_TASK REQUIREMENTS_. Reproduce exactly, and only, the lines below from the one containing "theory Submission imports" through the one containing "case (Suc n)".

┌─ DATA RECORDS

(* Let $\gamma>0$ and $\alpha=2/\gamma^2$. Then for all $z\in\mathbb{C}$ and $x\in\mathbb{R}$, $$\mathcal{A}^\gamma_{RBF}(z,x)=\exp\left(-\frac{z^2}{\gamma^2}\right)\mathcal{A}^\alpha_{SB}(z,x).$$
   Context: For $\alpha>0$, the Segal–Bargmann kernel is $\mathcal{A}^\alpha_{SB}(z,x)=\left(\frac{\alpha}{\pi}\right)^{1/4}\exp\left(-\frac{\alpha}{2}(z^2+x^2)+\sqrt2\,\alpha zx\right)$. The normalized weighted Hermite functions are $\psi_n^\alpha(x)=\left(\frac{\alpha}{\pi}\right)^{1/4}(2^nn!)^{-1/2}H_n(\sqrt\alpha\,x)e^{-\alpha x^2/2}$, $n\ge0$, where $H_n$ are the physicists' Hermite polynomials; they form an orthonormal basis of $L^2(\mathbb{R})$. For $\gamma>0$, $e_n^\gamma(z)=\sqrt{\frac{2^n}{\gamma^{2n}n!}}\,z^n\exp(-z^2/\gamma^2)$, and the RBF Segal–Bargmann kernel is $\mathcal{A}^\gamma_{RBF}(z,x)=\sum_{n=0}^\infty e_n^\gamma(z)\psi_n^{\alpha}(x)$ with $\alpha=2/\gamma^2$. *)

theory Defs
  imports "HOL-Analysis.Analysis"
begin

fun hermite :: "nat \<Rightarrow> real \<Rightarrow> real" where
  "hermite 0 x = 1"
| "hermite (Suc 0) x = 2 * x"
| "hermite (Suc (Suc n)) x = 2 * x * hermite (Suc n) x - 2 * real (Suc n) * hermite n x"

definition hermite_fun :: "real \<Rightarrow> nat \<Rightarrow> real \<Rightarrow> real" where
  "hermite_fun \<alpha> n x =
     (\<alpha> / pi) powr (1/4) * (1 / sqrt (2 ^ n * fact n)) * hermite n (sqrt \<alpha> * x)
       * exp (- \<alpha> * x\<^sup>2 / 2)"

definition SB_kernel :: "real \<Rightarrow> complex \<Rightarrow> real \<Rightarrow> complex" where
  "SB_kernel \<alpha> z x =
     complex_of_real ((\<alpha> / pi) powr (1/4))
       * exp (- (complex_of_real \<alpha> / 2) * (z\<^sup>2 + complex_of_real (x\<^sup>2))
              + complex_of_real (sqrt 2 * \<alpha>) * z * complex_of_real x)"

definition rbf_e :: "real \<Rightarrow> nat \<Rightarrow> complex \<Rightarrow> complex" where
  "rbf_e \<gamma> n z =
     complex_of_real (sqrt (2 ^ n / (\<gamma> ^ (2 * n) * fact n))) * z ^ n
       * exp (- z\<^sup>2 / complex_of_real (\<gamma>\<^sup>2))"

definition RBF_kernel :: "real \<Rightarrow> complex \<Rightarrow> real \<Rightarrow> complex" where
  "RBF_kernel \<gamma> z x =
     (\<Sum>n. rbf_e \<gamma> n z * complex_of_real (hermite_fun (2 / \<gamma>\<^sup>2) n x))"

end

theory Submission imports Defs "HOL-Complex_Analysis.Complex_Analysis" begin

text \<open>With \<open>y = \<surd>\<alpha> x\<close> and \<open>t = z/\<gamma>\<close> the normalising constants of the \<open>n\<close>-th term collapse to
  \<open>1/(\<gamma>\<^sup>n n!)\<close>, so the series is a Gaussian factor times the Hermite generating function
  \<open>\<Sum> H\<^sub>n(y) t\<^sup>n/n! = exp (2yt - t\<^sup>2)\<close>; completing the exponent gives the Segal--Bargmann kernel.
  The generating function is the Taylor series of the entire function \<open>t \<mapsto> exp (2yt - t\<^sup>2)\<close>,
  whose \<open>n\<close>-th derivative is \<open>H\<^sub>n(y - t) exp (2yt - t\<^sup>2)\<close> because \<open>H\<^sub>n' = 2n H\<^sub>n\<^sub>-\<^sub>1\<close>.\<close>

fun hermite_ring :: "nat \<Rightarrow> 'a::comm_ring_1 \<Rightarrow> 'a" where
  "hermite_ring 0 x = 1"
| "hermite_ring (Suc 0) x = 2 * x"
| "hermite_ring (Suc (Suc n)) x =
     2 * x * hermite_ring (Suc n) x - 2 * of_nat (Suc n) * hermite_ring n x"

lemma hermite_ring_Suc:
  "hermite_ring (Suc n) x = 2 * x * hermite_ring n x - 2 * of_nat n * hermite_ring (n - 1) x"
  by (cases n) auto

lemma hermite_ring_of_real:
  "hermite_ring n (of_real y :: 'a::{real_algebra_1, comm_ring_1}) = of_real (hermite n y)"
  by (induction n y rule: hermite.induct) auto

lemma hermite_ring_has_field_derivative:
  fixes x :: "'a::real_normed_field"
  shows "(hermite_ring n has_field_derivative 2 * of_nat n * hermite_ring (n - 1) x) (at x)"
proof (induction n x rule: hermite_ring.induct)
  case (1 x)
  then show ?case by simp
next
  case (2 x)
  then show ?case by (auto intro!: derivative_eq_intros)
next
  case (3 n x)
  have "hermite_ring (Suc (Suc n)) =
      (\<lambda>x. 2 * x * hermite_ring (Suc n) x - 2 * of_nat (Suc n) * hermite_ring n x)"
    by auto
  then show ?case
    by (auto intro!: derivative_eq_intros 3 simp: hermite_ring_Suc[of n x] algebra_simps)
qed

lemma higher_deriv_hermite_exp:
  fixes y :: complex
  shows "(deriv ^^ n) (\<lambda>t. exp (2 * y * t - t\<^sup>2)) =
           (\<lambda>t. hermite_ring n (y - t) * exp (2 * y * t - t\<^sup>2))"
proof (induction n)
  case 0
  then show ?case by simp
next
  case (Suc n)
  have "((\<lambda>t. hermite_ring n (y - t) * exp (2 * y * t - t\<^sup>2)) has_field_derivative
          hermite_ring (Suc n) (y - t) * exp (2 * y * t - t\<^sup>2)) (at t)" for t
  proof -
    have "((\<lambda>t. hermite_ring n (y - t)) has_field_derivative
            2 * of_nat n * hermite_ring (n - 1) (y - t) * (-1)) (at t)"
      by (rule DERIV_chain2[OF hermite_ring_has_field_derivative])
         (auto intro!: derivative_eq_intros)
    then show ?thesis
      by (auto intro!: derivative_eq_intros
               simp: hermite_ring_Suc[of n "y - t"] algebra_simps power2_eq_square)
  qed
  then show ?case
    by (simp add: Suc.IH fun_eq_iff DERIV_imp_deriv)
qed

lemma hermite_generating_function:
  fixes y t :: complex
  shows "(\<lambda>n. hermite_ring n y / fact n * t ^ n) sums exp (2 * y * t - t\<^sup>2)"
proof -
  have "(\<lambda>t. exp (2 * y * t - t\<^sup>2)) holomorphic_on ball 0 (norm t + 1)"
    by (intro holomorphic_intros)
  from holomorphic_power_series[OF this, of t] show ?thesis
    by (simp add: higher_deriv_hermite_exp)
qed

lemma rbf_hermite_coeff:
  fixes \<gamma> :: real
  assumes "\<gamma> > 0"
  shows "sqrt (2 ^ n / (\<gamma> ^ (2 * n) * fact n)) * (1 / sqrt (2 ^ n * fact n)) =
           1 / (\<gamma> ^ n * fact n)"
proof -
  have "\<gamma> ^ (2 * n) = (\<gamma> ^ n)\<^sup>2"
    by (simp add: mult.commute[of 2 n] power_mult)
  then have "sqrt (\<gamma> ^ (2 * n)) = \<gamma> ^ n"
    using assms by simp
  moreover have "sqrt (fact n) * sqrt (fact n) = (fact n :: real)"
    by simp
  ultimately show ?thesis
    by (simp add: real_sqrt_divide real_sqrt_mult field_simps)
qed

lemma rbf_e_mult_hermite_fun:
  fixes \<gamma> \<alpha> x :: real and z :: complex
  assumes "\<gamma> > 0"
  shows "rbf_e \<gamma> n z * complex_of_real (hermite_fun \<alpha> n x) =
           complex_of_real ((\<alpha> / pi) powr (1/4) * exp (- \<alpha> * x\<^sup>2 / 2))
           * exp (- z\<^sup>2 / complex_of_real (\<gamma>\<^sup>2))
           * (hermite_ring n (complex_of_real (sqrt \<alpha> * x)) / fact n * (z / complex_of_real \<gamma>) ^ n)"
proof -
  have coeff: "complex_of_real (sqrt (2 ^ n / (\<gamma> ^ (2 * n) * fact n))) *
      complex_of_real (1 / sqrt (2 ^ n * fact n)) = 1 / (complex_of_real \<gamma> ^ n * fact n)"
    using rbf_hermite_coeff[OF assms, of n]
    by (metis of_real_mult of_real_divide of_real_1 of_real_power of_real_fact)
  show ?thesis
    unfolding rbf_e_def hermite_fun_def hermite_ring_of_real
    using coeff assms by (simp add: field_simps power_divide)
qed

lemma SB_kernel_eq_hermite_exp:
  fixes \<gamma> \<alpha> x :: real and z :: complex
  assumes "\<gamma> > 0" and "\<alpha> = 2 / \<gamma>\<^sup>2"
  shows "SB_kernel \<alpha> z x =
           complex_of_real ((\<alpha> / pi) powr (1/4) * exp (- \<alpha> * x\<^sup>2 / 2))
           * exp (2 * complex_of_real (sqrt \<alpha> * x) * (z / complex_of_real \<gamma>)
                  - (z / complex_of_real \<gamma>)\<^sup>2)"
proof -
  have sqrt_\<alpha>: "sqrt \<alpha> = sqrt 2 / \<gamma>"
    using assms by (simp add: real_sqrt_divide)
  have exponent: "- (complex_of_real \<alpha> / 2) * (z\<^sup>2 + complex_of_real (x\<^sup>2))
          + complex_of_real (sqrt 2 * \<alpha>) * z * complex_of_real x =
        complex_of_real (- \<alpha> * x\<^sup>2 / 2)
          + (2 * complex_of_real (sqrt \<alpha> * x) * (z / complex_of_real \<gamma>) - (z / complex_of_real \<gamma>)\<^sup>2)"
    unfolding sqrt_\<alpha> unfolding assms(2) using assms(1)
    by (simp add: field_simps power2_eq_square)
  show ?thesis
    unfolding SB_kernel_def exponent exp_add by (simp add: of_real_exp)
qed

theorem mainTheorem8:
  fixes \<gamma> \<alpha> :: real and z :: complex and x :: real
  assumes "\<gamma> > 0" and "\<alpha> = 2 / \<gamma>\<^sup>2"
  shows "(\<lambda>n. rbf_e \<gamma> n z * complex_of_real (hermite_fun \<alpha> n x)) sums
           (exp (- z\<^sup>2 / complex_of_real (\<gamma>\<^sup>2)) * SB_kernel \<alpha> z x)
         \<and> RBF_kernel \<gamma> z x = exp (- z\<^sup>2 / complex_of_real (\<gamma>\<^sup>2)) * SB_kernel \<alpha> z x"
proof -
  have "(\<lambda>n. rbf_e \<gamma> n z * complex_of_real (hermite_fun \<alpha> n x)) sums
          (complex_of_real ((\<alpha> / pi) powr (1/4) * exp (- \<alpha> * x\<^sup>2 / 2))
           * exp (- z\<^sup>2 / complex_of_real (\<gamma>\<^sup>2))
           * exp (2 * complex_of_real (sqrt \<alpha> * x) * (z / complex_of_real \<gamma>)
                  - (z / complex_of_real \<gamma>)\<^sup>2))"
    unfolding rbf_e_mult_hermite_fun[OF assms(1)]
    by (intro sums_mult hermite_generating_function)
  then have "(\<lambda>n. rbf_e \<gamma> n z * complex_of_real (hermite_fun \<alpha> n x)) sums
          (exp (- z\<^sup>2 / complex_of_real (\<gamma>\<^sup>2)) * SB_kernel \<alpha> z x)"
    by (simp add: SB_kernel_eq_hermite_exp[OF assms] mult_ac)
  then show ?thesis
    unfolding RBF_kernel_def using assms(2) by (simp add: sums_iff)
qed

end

└─

_RESULT_.
theory Submission imports Defs "HOL-Complex_Analysis.Complex_Analysis" begin

text \<open>With \<open>y = \<surd>\<alpha> x\<close> and \<open>t = z/\<gamma>\<close> the normalising constants of the \<open>n\<close>-th term collapse to
  \<open>1/(\<gamma>\<^sup>n n!)\<close>, so the series is a Gaussian factor times the Hermite generating function
  \<open>\<Sum> H\<^sub>n(y) t\<^sup>n/n! = exp (2yt - t\<^sup>2)\<close>; completing the exponent gives the Segal--Bargmann kernel.
  The generating function is the Taylor series of the entire function \<open>t \<mapsto> exp (2yt - t\<^sup>2)\<close>,
  whose \<open>n\<close>-th derivative is \<open>H\<^sub>n(y - t) exp (2yt - t\<^sup>2)\<close> because \<open>H\<^sub>n' = 2n H\<^sub>n\<^sub>-\<^sub>1\<close>.\<close>

fun hermite_ring :: "nat \<Rightarrow> 'a::comm_ring_1 \<Rightarrow> 'a" where
  "hermite_ring 0 x = 1"
| "hermite_ring (Suc 0) x = 2 * x"
| "hermite_ring (Suc (Suc n)) x =
     2 * x * hermite_ring (Suc n) x - 2 * of_nat (Suc n) * hermite_ring n x"

lemma hermite_ring_Suc:
  "hermite_ring (Suc n) x = 2 * x * hermite_ring n x - 2 * of_nat n * hermite_ring (n - 1) x"
  by (cases n) auto

lemma hermite_ring_of_real:
  "hermite_ring n (of_real y :: 'a::{real_algebra_1, comm_ring_1}) = of_real (hermite n y)"
  by (induction n y rule: hermite.induct) auto

lemma hermite_ring_has_field_derivative:
  fixes x :: "'a::real_normed_field"
  shows "(hermite_ring n has_field_derivative 2 * of_nat n * hermite_ring (n - 1) x) (at x)"
proof (induction n x rule: hermite_ring.induct)
  case (1 x)
  then show ?case by simp
next
  case (2 x)
  then show ?case by (auto intro!: derivative_eq_intros)
next
  case (3 n x)
  have "hermite_ring (Suc (Suc n)) =
      (\<lambda>x. 2 * x * hermite_ring (Suc n) x - 2 * of_nat (Suc n) * hermite_ring n x)"
    by auto
  then show ?case
    by (auto intro!: derivative_eq_intros 3 simp: hermite_ring_Suc[of n x] algebra_simps)
qed

lemma higher_deriv_hermite_exp:
  fixes y :: complex
  shows "(deriv ^^ n) (\<lambda>t. exp (2 * y * t - t\<^sup>2)) =
           (\<lambda>t. hermite_ring n (y - t) * exp (2 * y * t - t\<^sup>2))"
proof (induction n)
  case 0
  then show ?case by simp
next
  case (Suc n)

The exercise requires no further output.